■ Task goal
Copy all lines of the listing that include the string "prems".
========================
lemma x_sequence_of_0: "x_sequence_of n s 0 = 0"
proof -
  have "0 \<in> set value_list" using set_values value_set_def by simp
  then obtain i where i: "i < length value_list" "value_list!i = 0" by (auto simp: in_set_conv_nth)
  have "value_list!0 \<le> value_list!i" using sorted_nth_mono[OF strict_sorted_imp_sorted[OF sorted_values], of 0 i] i
    by simp
  then show ?thesis unfolding x_sequence_of_def jump_count_def using i by simp
qed

lemma x_sequence_x_sequence_of: "x_sequence n (x_sequence_of n s)"
  unfolding x_sequence_def using x_sequence_of_0 x_sequence_of_less x_sequence_of_mono by auto

lemma jump_count_attains:
  "m \<le> jump_count s k \<Longrightarrow> 1 \<le> k \<Longrightarrow> \<exists>i\<in>{1..k}. jump_count s i = m"
proof (induction k)
  case 0 then show ?case by simp
next
  case (Suc k)
  show ?case
  proof (cases "m \<le> jump_count s k \<and> 1 \<le> k")
    case True then show ?thesis using Suc.IH by force
  next
    case False
    show ?thesis
    proof (cases "k = 0")
      case True
      then have "jump_count s (Suc k) = 0"
        using not_is_jump_1 jump_count_Suc[of s 0] by (simp add: jump_count_def)
      then show ?thesis using Suc.prems True by auto
    next
      case False2: False
      then have "jump_count s k < m" using False by simp
      then have "jump_count s (Suc k) = m"
        using Suc.prems jump_count_Suc[of s k] by (cases "is_jump s (Suc k)") auto
      then show ?thesis by auto
    qed
  qed
qed

lemma image_x_sequence_of: "x_sequence_of n s ` {1..n} = value_set n s"
proof
  show "x_sequence_of n s ` {1..n} \<subseteq> value_set n s"
    unfolding x_sequence_of_def using jump_count_less set_values by (auto intro: nth_mem)
next
  show "value_set n s \<subseteq> x_sequence_of n s ` {1..n}"
  proof
    fix v assume "v \<in> value_set n s"
    then obtain m where m: "m < length value_list" "v = value_list!m"
      using set_values by (metis in_set_conv_nth)
    then have "m \<le> jump_count s n" using length_values jump_count_final by simp
    then obtain i where i: "i \<in> {1..n}" "jump_count s i = m"
      using jump_count_attains[of m n] n_pos by auto
    then show "v \<in> x_sequence_of n s ` {1..n}" unfolding x_sequence_of_def using m by force
  qed
qed

lemma x_sequence_of_jump_iff:
  "1 \<le> k \<Longrightarrow> k \<le> n \<Longrightarrow> (x_sequence_of n s k \<noteq> x_sequence_of n s (k-1)) \<longleftrightarrow> is_jump s k"
proof -
  assume k: "1 \<le> k" "k \<le> n"
  have J: "jump_count s k = jump_count s (k-1) + of_bool (is_jump s k)"
    using jump_count_Suc[of s "k-1"] k by simp
  have d: "distinct value_list" using sorted_values strict_sorted_iff by blast
  have l1: "jump_count s k < length value_list" "jump_count s (k-1) < length value_list"
    using jump_count_less k by auto
  have "(value_list ! jump_count s k \<noteq> value_list ! jump_count s (k-1)) \<longleftrightarrow> jump_count s k \<noteq> jump_count s (k-1)"
    using nth_eq_iff_index_eq[OF d l1] by simp
  moreover have "x_sequence_of n s k = value_list ! jump_count s k" "x_sequence_of n s (k-1) = value_list ! jump_count s (k-1)" unfolding x_sequence_of_def
    using k by auto
  ultimately show ?thesis using J by simp
qed

lemma steps_of_x_sequence_of: "steps_of n (x_sequence_of n s) = s"
proof (rule nth_equalityI)
  show "length (steps_of n (x_sequence_of n s)) = length s" using length_motzkin by simp
next
  fix i assume "i < length (steps_of n (x_sequence_of n s))"
  then have i: "i < n" by simp
  have k: "1 \<le> Suc i" "Suc i \<le> n" using i by auto
  have "steps_of n (x_sequence_of n s) ! i = of_bool (Suc i \<in> value_set n s) - of_bool (is_jump s (Suc i))"
    using nth_steps_of[OF i, of "x_sequence_of n s"] image_x_sequence_of x_sequence_of_jump_iff[OF k]
      by simp
  also have "Suc i \<in> value_set n s \<longleftrightarrow> is_value s (Suc i)" unfolding value_set_def
    using i by auto
  finally show "steps_of n (x_sequence_of n s) ! i = s ! i" using step_eq_of_bool[OF k] by simp
qed

lemma admissible_x_sequence_of: "admissible n (x_sequence_of n s)"
  unfolding admissible_def
proof (intro ballI impI)
  fix k assume "k \<in> {1..n}" and level: "x_sequence_of n s k = x_sequence_of n s (k-1)"
    and nv: "k \<notin> x_sequence_of n s ` {1..n}"
  then have k: "1 \<le> k" "k \<le> n" by auto
  have "\<not> is_jump s k" using x_sequence_of_jump_iff[OF k] level by simp
  moreover have "\<not> is_value s k" using nv image_x_sequence_of k unfolding value_set_def by auto
  ultimately have "s!(k-1) = 0" using step_eq_of_bool[OF k] by simp
  then have "height s k = 0" using \<open>\<not> is_value s k\<close> height_nonneg[OF k(2)]
    unfolding is_value_def by simp
  then show "height (steps_of n (x_sequence_of n s)) k = 0" using steps_of_x_sequence_of by simp
qed

end

section \<open>Dyck paths and x-sequences\<close>

lemma nth_north_idx:
  assumes "j < length (filter id p)"
  shows "north_idx p ! j < length p" "p!(north_idx p ! j)" "length (filter id (take (north_idx p ! j) p)) = j"
  using filter_index_nth[of j id p] assms length_filter_index[of id p]
    unfolding north_idx_def by auto

lemma nth_east_idx:
  assumes "j < length (filter Not p)"
  shows "east_idx p ! j < length p" "\<not> p!(east_idx p ! j)" "length (filter Not (take (east_idx p ! j) p)) = j"
  using filter_index_nth[of j Not p] assms length_filter_index[of Not p]
    unfolding east_idx_def by auto

lemma length_north_idx: "length (north_idx p) = length (filter id p)"
  unfolding north_idx_def using length_filter_index[of id p] by simp

text \<open>\<open>xseq\<close> is normalised to \<open>0\<close> outside \<open>{1..n}\<close>, so that \<open>xseq\<close> inverts
  \<open>path_of\<close> as an equation of functions.\<close>

definition xseq :: "nat \<Rightarrow> bool list \<Rightarrow> nat \<Rightarrow> nat" where
  "xseq n p k = (if k = 0 \<or> n < k then 0 else xcoord p k)"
========================
■ Task response
      then show ?thesis using Suc.prems True by auto
        using Suc.prems jump_count_Suc[of s k] by (cases "is_jump s (Suc k)") auto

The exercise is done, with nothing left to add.